**EXERCISE PROMPT**
Beneath this line is the data. Output exactly the lines from the line with "B rl \<sigma>" to the line with "B mb S T f g", both ends included, and nothing more.

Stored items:
lemma K_maps_null_vectors:
  assumes std: "standardized_laplacian n L" and n: "n > 0" and v: "v \<in> eigenspace L 0"
  shows "Kmat n *\<^sub>v v \<in> eigenspace (L + Jmat n) 0"
proof -
  have Lm: "L \<in> carrier_mat n n" by (rule laplacian_carrier[OF std])
  have vc: "v \<in> carrier_vec n" and Lv: "L *\<^sub>v v = 0\<^sub>v n"
    using v Lm unfolding eigenspace_def by auto
  have "(L + Jmat n) *\<^sub>v (Kmat n *\<^sub>v v) = L *\<^sub>v v"
    using assoc_mult_mat_vec[OF _ Kmat_carrier vc, of "L + Jmat n" n] laplacian_mult_K(2)[OF std n] Lm
    by simp
  moreover have "Kmat n *\<^sub>v v \<in> carrier_vec n" by (rule mult_mat_vec_carrier[OF Kmat_carrier vc])
  ultimately show ?thesis using Lv Lm unfolding eigenspace_def by auto
qed

lemma K_maps_fixed_vectors:
  assumes std: "standardized_laplacian n L" and n: "n > 0" and x: "x \<in> eigenspace (L + Jmat n) 1"
  shows "Kmat n *\<^sub>v x \<in> eigenspace L 1"
proof -
  have Lm: "L \<in> carrier_mat n n" by (rule laplacian_carrier[OF std])
  have xc: "x \<in> carrier_vec n" and Px: "(L + Jmat n) *\<^sub>v x = x"
    using x Lm unfolding eigenspace_def by auto
  have "L *\<^sub>v x = x - Jmat n *\<^sub>v x"
  proof (rule eq_vecI)
    fix i assume "i < dim_vec (x - Jmat n *\<^sub>v x)"
    hence i: "i < n" using xc by simp
    have "(L *\<^sub>v x + Jmat n *\<^sub>v x) $ i = x $ i"
      using Px add_mult_distrib_mat_vec[OF Lm Jmat_carrier xc] by simp
    thus "(L *\<^sub>v x) $ i = (x - Jmat n *\<^sub>v x) $ i" using i xc Lm by simp
  qed (use Lm xc in auto)
  also have "\<dots> = Kmat n *\<^sub>v x"
    unfolding Kmat_def using minus_mult_distrib_mat_vec[OF one_carrier_mat Jmat_carrier xc] xc by simp
  finally have "L *\<^sub>v (Kmat n *\<^sub>v x) = Kmat n *\<^sub>v x"
    using assoc_mult_mat_vec[OF Lm Kmat_carrier xc] laplacian_mult_K(1)[OF std n] by simp
  moreover have "Kmat n *\<^sub>v x \<in> carrier_vec n" by (rule mult_mat_vec_carrier[OF Kmat_carrier xc])
  ultimately show ?thesis using Lm unfolding eigenspace_def by auto
qed

theorem theorem7:
  fixes n :: nat and L :: "real mat"
  assumes "n > 0"
    and "standardized_laplacian n L"
  defines "P \<equiv> L + Jmat n"
    and "Lc \<equiv> Kmat n - L"
    and "d \<equiv> in_forest_dim n (digraph_of n L)"
    and "dc \<equiv> in_forest_dim n (compl_digraph_of n L)"
  shows
    "alg_mult L 0 = d \<and> alg_mult L 1 = dc - 1 \<and>
     alg_mult P 0 = d - 1 \<and> alg_mult P 1 = dc \<and>
     alg_mult Lc 1 = d - 1 \<and> alg_mult Lc 0 = dc \<and>
     (\<forall>A \<in> {L, P, Lc}. \<forall>ev \<in> {0, 1}. alg_mult A ev > 0 \<longrightarrow> semisimple_eigenvalue A ev) \<and>
     eigenspace P 0 = eigenspace Lc 1 \<and>
     eigenspace P 1 = eigenspace Lc 0 \<and>
     (\<forall>v \<in> eigenspace L 0. Kmat n *\<^sub>v v \<noteq> 0\<^sub>v n \<longrightarrow> Kmat n *\<^sub>v v \<in> eigenspace P 0) \<and>
     (\<forall>x \<in> eigenspace P 1. Kmat n *\<^sub>v x \<noteq> 0\<^sub>v n \<longrightarrow> Kmat n *\<^sub>v x \<in> eigenspace L 1)"
proof -
  have Lm: "L \<in> carrier_mat n n" by (rule laplacian_carrier[OF assms(2)])
  have Pm: "P \<in> carrier_mat n n" unfolding assms(3) using Lm by simp
  note complement = complement_laplacian[OF assms(2,1)]
  note zero = spectrum_at_zero[OF assms(2,1), folded assms(3) assms(5)]
  note zero_c = spectrum_at_zero[OF complement(1) assms(1), unfolded complement(2), folded assms(4) assms(6)]
  note reflections = complement_reflections[OF Lm, folded assms(3) assms(4)]
  have one: "alg_mult L 1 = dc - 1" "geom_mult L 1 = dc - 1" "alg_mult P 1 = dc" "geom_mult P 1 = dc"
    "alg_mult Lc 1 = d - 1" "geom_mult Lc 1 = d - 1"
    using alg_mult_reflect[OF Lm, of 0] geom_mult_reflect[OF Lm, of 0]
      alg_mult_reflect[OF Pm, of 0] geom_mult_reflect[OF Pm, of 0]
      alg_mult_reflect[OF Pm, of 1] geom_mult_reflect[OF Pm, of 1] zero zero_c
    unfolding reflections[symmetric] by simp_all
  have "eigenspace P 0 = eigenspace Lc 1" "eigenspace P 1 = eigenspace Lc 0"
    using eigenspace_reflect[OF Pm, of 1] eigenspace_reflect[OF Pm, of 0] unfolding reflections by simp_all
  thus ?thesis
    using zero zero_c one K_maps_null_vectors[OF assms(2,1)] K_maps_fixed_vectors[OF assms(2,1)]
    unfolding semisimple_eigenvalue_def assms(3) by auto
qed

end
(* The Hopf monoid of hypergraphs $\mathbf{k}\mathbf{HG}$ is free commutative, free cocommutative, and self-dual.
   Context: $\mathbf{k}$ is a field of characteristic $0$. A hypergraph on a finite vertex set $I$ is $\mathcal{G}=(I,E)$ with $E$ a set of subsets of $I$ of size at least $2$. $\mathbf{k}\mathbf{HG}[I]$ is the vector space with basis the hypergraphs on $I$; relabelling acts by bijections of vertices. Multiplication: $m_{S,T}(\mathcal{G}_1,\mathcal{G}_2)=(S\sqcup T,E(\mathcal{G}_1)\cup E(\mathcal{G}_2))$; comultiplication $\Delta_{S,T}(\mathcal{G})=\mathcal{G}|S\otimes\mathcal{G}|T$ with $\mathcal{G}|S=(S,\{U\in E(\mathcal{G}):U\subseteq S\})$. For a set species $\mathbf{q}$ with $\mathbf{q}[\emptyset]=\emptyset$, $\mathcal{S}(\mathbf{q})[I]$ has basis the pairs $(A,\{x_i\})$ with $A$ an unordered set partition of $I$ into nonempty blocks $A_i$ and $x_i\in\mathbf{q}[A_i]$; the free commutative monoid structure is union of such data; the free cocommutative comonoid structure sends $(A,\{x_i\})$ to $(A|_S,\{x_i\}_{A_i\subseteq S})\otimes(A|_T,\{x_i\}_{A_i\subseteq T})$ if $S$ is a union of blocks of $A$, and to $0$ otherwise. A vector space monoid (resp. comonoid) is free commutative (resp. free cocommutative) if it is isomorphic as a monoid (resp. comonoid) to some $\mathcal{S}(\mathbf{q})$. A vector space Hopf monoid is self-dual if there is an isomorphism of species from it to its linear dual (components $\mathbf{k}\mathbf{HG}[I]^*$, with dual operations $\Delta^*$ as product and $m^*$ as coproduct) that is simultaneously a monoid and a comonoid isomorphism. *)

theory Defs
  imports Main "HOL-Library.Disjoint_Sets"
begin

text \<open>
  Species are evaluated on finite subsets I of nat (a skeleton of the
  category of finite sets and bijections).  A linear species with a chosen basis is
  given by a basis set  B I  for each finite I; vectors of the component at I are the
  functions  'b \<Rightarrow> 'k  supported in  B I  (all bases here are finite).  The tensor
  product of two components is represented by functions on pairs of basis elements.
\<close>

definition vecs :: "(nat set \<Rightarrow> 'b set) \<Rightarrow> nat set \<Rightarrow> ('b \<Rightarrow> 'k::zero) set" where
  "vecs B I = {f. \<forall>b. f b \<noteq> 0 \<longrightarrow> b \<in> B I}"

definition delta :: "'b \<Rightarrow> 'b \<Rightarrow> 'k::{zero,one}" where
  "delta b = (\<lambda>x. if x = b then 1 else 0)"

definition lin_relabel ::
  "(nat set \<Rightarrow> 'b set) \<Rightarrow> ((nat \<Rightarrow> nat) \<Rightarrow> 'b \<Rightarrow> 'b) \<Rightarrow> (nat \<Rightarrow> nat) \<Rightarrow> nat set
     \<Rightarrow> ('b \<Rightarrow> 'k::comm_ring_1) \<Rightarrow> ('b \<Rightarrow> 'k)" where
  "lin_relabel B rl \<sigma> I f = (\<lambda>c. \<Sum>b\<in>B I. if rl \<sigma> b = c then f b else 0)"

definition lin_mult ::
  "(nat set \<Rightarrow> 'b set) \<Rightarrow> ('b \<Rightarrow> 'b \<Rightarrow> 'b) \<Rightarrow> nat set \<Rightarrow> nat set
     \<Rightarrow> ('b \<Rightarrow> 'k::comm_ring_1) \<Rightarrow> ('b \<Rightarrow> 'k) \<Rightarrow> ('b \<Rightarrow> 'k)" where
  "lin_mult B mb S T f g =
     (\<lambda>c. \<Sum>b1\<in>B S. \<Sum>b2\<in>B T. if mb b1 b2 = c then f b1 * g b2 else 0)"

text \<open>Linear extension of a coproduct sending a basis element either to a pure tensor
  of basis elements (Some) or to 0 (None), Delta_{S,T}.\<close>
definition lin_comult ::
  "(nat set \<Rightarrow> 'b set) \<Rightarrow> (nat set \<Rightarrow> nat set \<Rightarrow> 'b \<Rightarrow> ('b \<times> 'b) option) \<Rightarrow> nat set \<Rightarrow> nat set
     \<Rightarrow> ('b \<Rightarrow> 'k::comm_ring_1) \<Rightarrow> ('b \<times> 'b \<Rightarrow> 'k)" where
  "lin_comult B db S T h =
     (\<lambda>p. \<Sum>b\<in>B (S \<union> T). if db S T b = Some p then h b else 0)"

text \<open>Linear dual, in coordinates w.r.t. the dual basis: the product is the transpose
  of the coproduct and the coproduct is the transpose of the product.\<close>
definition dual_mult ::
  "(nat set \<Rightarrow> 'b set) \<Rightarrow> (nat set \<Rightarrow> nat set \<Rightarrow> ('b \<Rightarrow> 'k) \<Rightarrow> ('b \<times> 'b \<Rightarrow> 'k))
     \<Rightarrow> nat set \<Rightarrow> nat set \<Rightarrow> ('b \<Rightarrow> 'k::comm_ring_1) \<Rightarrow> ('b \<Rightarrow> 'k) \<Rightarrow> ('b \<Rightarrow> 'k)" where
  "dual_mult B cm S T \<phi> \<psi> =
     (\<lambda>b. \<Sum>b1\<in>B S. \<Sum>b2\<in>B T. \<phi> b1 * \<psi> b2 * cm S T (delta b) (b1, b2))"

definition dual_comult ::
  "(nat set \<Rightarrow> 'b set) \<Rightarrow> (nat set \<Rightarrow> nat set \<Rightarrow> ('b \<Rightarrow> 'k) \<Rightarrow> ('b \<Rightarrow> 'k) \<Rightarrow> ('b \<Rightarrow> 'k))
     \<Rightarrow> nat set \<Rightarrow> nat set \<Rightarrow> ('b \<Rightarrow> 'k::comm_ring_1) \<Rightarrow> ('b \<times> 'b \<Rightarrow> 'k)" where
  "dual_comult B m S T \<phi> =
     (\<lambda>(b1, b2). \<Sum>b\<in>B (S \<union> T). \<phi> b * m S T (delta b1) (delta b2) b)"

definition tensor_map ::
  "(nat set \<Rightarrow> 'b set) \<Rightarrow> nat set \<Rightarrow> nat set \<Rightarrow> (('b \<Rightarrow> 'k) \<Rightarrow> ('c \<Rightarrow> 'k))
     \<Rightarrow> (('b \<Rightarrow> 'k) \<Rightarrow> ('c \<Rightarrow> 'k)) \<Rightarrow> ('b \<times> 'b \<Rightarrow> 'k::comm_ring_1) \<Rightarrow> ('c \<times> 'c \<Rightarrow> 'k)" where
  "tensor_map B S T f g F =
     (\<lambda>(c1, c2). \<Sum>b1\<in>B S. \<Sum>b2\<in>B T. F (b1, b2) * f (delta b1) c1 * g (delta b2) c2)"

definition species_iso ::
  "(nat set \<Rightarrow> 'b set) \<Rightarrow> ((nat \<Rightarrow> nat) \<Rightarrow> 'b \<Rightarrow> 'b) \<Rightarrow>
   (nat set \<Rightarrow> 'c set) \<Rightarrow> ((nat \<Rightarrow> nat) \<Rightarrow> 'c \<Rightarrow> 'c) \<Rightarrow>
   (nat set \<Rightarrow> ('b \<Rightarrow> 'k::field) \<Rightarrow> ('c \<Rightarrow> 'k)) \<Rightarrow> bool" where
  "species_iso B1 rl1 B2 rl2 \<Phi> \<longleftrightarrow>
     (\<forall>I. finite I \<longrightarrow>
        bij_betw (\<Phi> I) (vecs B1 I) (vecs B2 I) \<and>
        (\<forall>f\<in>vecs B1 I. \<forall>g\<in>vecs B1 I. \<forall>a. \<Phi> I (\<lambda>b. a * f b + g b) = (\<lambda>c. a * \<Phi> I f c + \<Phi> I g c))) \<and>
     (\<forall>I J \<sigma>. finite I \<and> bij_betw \<sigma> I J \<longrightarrow>
        (\<forall>f\<in>vecs B1 I. \<Phi> J (lin_relabel B1 rl1 \<sigma> I f) = lin_relabel B2 rl2 \<sigma> I (\<Phi> I f)))"

definition monoid_compat ::
  "(nat set \<Rightarrow> 'b set) \<Rightarrow> (nat set \<Rightarrow> nat set \<Rightarrow> ('b \<Rightarrow> 'k) \<Rightarrow> ('b \<Rightarrow> 'k) \<Rightarrow> ('b \<Rightarrow> 'k)) \<Rightarrow>
   (nat set \<Rightarrow> nat set \<Rightarrow> ('c \<Rightarrow> 'k) \<Rightarrow> ('c \<Rightarrow> 'k) \<Rightarrow> ('c \<Rightarrow> 'k)) \<Rightarrow>
   (nat set \<Rightarrow> ('b \<Rightarrow> 'k::field) \<Rightarrow> ('c \<Rightarrow> 'k)) \<Rightarrow> bool" where
  "monoid_compat B1 m1 m2 \<Phi> \<longleftrightarrow>
     (\<forall>S T. finite S \<and> finite T \<and> S \<inter> T = {} \<longrightarrow>
        (\<forall>f\<in>vecs B1 S. \<forall>g\<in>vecs B1 T. \<Phi> (S \<union> T) (m1 S T f g) = m2 S T (\<Phi> S f) (\<Phi> T g)))"

definition comonoid_compat ::
  "(nat set \<Rightarrow> 'b set) \<Rightarrow> (nat set \<Rightarrow> nat set \<Rightarrow> ('b \<Rightarrow> 'k) \<Rightarrow> ('b \<times> 'b \<Rightarrow> 'k)) \<Rightarrow>
   (nat set \<Rightarrow> nat set \<Rightarrow> ('c \<Rightarrow> 'k) \<Rightarrow> ('c \<times> 'c \<Rightarrow> 'k)) \<Rightarrow>
   (nat set \<Rightarrow> ('b \<Rightarrow> 'k::field) \<Rightarrow> ('c \<Rightarrow> 'k)) \<Rightarrow> bool" where
  "comonoid_compat B1 d1 d2 \<Phi> \<longleftrightarrow>
     (\<forall>S T. finite S \<and> finite T \<and> S \<inter> T = {} \<longrightarrow>
        (\<forall>h\<in>vecs B1 (S \<union> T).
           d2 S T (\<Phi> (S \<union> T) h) = tensor_map B1 S T (\<Phi> S) (\<Phi> T) (d1 S T h)))"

**SOLUTION FOR THIS EXERCISE**
  "lin_relabel B rl \<sigma> I f = (\<lambda>c. \<Sum>b\<in>B I. if rl \<sigma> b = c then f b else 0)"

definition lin_mult ::
  "(nat set \<Rightarrow> 'b set) \<Rightarrow> ('b \<Rightarrow> 'b \<Rightarrow> 'b) \<Rightarrow> nat set \<Rightarrow> nat set
     \<Rightarrow> ('b \<Rightarrow> 'k::comm_ring_1) \<Rightarrow> ('b \<Rightarrow> 'k) \<Rightarrow> ('b \<Rightarrow> 'k)" where
  "lin_mult B mb S T f g =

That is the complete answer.